- Exercise -
Please give the count of lines below with the string "datatype" in them, and no other words.

- Available data -
*-*-*
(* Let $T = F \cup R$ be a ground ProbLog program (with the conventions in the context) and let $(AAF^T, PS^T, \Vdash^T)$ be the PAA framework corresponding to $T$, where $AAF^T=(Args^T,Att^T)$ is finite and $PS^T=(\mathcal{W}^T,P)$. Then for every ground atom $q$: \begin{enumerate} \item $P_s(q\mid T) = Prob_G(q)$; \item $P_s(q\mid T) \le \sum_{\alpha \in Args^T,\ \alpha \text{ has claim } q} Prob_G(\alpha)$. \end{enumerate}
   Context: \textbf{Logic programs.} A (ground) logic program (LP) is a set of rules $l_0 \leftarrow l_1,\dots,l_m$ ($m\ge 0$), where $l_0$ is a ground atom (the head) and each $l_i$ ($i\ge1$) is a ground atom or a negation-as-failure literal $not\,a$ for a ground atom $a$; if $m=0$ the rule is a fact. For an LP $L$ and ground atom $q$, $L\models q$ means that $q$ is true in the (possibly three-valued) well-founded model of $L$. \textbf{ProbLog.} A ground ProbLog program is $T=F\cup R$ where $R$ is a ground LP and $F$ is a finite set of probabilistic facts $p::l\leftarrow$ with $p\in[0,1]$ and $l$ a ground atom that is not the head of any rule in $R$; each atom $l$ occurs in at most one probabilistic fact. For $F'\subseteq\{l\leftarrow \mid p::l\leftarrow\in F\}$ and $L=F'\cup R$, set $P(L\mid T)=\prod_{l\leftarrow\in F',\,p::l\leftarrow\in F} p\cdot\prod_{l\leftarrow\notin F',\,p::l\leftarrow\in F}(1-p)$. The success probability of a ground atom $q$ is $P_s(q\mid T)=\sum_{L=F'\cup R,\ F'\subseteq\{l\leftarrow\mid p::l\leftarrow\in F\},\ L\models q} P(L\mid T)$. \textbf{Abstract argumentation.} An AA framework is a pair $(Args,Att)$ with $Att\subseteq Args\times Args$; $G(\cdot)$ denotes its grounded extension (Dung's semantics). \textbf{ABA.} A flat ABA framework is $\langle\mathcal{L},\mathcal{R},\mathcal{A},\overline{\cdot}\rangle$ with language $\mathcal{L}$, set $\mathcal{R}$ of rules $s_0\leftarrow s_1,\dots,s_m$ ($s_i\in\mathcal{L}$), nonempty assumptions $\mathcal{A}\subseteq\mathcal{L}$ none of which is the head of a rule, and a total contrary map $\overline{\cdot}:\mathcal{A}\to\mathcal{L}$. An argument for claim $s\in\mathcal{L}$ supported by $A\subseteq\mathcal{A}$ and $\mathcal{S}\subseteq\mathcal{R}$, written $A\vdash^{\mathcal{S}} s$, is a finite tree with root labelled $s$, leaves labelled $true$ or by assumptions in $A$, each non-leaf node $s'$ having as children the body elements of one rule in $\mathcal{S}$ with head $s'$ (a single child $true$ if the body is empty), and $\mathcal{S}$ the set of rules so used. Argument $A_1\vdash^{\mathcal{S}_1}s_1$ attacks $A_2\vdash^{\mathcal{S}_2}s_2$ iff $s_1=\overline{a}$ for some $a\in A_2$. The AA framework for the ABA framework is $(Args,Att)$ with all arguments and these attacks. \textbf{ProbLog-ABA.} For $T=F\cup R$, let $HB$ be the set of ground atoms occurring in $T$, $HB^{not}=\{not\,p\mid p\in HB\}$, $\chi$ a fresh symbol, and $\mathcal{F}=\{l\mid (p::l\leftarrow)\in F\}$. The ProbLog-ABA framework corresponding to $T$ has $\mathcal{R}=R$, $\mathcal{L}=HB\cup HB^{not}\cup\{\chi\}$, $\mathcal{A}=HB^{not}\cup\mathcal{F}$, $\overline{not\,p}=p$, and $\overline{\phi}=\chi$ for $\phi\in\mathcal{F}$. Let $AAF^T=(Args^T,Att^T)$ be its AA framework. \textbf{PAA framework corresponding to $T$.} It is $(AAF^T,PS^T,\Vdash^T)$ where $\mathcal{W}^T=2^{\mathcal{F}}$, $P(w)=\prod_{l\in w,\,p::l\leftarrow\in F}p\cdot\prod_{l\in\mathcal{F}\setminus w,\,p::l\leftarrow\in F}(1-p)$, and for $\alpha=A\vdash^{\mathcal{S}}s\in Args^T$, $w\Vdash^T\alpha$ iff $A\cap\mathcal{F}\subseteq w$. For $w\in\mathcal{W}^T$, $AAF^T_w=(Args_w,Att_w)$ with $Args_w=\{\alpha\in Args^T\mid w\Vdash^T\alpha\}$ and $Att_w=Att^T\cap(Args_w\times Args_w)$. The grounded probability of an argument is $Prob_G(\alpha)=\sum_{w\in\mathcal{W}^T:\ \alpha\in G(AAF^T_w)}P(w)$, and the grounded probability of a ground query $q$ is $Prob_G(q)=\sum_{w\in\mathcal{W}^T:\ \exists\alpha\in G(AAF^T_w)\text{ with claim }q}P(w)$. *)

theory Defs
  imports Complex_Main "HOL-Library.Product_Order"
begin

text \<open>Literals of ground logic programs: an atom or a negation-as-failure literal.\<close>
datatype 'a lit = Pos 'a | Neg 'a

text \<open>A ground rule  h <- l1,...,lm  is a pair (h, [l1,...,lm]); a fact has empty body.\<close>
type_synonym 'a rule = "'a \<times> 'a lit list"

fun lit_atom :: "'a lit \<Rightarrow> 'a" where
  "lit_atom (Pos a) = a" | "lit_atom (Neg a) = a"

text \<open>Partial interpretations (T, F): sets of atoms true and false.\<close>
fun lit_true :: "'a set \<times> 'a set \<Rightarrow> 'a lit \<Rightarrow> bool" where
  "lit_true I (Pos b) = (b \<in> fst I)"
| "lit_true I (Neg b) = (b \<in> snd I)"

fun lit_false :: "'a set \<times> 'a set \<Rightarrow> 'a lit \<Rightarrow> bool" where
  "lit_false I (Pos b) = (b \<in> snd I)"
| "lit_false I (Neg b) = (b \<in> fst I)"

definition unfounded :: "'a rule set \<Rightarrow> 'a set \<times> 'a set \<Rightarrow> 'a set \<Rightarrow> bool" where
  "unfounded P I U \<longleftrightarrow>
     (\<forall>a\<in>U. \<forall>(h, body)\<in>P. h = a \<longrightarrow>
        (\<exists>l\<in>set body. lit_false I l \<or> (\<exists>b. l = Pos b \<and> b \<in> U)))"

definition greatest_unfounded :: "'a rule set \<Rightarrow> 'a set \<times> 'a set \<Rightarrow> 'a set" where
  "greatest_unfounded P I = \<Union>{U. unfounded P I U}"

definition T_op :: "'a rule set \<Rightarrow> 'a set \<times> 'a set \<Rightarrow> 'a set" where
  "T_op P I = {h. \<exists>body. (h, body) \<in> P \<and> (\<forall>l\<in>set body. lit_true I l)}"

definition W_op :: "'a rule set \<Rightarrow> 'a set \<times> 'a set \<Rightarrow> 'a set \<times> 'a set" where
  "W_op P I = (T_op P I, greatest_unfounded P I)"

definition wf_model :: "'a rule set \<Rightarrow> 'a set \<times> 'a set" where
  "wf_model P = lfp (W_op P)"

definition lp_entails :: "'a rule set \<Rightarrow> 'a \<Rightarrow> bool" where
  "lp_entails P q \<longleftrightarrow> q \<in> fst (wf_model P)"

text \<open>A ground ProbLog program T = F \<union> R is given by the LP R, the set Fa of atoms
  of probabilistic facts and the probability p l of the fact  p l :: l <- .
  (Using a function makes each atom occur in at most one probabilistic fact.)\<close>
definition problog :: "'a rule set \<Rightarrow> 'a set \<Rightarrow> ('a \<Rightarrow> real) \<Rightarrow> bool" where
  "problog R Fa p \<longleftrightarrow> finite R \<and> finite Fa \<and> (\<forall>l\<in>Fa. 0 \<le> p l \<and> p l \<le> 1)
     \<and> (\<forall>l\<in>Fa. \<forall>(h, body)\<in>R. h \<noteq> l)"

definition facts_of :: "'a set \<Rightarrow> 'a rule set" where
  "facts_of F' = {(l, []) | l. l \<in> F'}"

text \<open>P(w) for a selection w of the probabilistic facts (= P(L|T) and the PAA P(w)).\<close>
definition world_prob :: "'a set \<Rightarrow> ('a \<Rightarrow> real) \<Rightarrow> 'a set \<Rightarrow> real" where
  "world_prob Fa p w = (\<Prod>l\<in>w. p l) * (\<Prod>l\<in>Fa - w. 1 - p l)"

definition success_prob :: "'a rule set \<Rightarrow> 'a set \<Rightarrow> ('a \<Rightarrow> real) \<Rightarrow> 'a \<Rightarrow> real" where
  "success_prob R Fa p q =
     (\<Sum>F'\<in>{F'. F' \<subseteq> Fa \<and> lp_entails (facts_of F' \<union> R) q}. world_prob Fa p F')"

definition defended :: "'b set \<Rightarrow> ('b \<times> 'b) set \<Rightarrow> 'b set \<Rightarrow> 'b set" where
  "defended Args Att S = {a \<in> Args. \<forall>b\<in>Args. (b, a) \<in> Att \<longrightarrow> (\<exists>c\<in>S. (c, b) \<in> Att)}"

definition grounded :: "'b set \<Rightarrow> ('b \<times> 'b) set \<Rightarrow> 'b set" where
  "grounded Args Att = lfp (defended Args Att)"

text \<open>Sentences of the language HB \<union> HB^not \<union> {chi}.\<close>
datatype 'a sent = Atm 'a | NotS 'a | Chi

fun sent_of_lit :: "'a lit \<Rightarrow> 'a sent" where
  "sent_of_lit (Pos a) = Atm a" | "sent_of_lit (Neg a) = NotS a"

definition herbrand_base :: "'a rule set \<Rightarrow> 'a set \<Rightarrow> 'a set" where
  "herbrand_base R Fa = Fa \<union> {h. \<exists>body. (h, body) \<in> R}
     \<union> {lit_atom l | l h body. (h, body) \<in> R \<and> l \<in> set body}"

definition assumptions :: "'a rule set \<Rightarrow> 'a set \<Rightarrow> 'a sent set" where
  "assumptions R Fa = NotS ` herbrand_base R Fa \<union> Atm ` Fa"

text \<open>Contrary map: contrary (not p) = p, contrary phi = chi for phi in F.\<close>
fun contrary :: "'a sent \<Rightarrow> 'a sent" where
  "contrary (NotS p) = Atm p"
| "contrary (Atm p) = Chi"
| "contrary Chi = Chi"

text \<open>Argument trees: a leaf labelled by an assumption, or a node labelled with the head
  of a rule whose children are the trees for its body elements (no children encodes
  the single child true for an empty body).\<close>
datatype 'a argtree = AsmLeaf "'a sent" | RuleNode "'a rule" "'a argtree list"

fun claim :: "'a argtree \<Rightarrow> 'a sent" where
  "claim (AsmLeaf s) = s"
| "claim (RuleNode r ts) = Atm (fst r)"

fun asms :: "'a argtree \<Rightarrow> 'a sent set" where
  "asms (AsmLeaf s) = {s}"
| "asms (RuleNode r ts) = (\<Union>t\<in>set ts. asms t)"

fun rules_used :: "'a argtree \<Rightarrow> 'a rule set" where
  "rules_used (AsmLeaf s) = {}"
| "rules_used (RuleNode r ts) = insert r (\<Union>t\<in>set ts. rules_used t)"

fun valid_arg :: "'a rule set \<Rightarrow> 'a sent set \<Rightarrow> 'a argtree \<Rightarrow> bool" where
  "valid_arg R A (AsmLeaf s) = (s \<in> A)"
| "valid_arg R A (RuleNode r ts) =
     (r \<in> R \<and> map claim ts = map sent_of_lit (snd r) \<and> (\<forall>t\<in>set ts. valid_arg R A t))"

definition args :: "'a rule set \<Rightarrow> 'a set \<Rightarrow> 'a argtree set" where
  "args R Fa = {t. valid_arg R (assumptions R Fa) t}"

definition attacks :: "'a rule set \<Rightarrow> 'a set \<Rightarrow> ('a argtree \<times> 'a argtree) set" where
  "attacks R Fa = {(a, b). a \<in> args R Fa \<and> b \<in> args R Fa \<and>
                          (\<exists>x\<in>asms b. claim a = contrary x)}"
*-*-*
- Response for this exercise -
3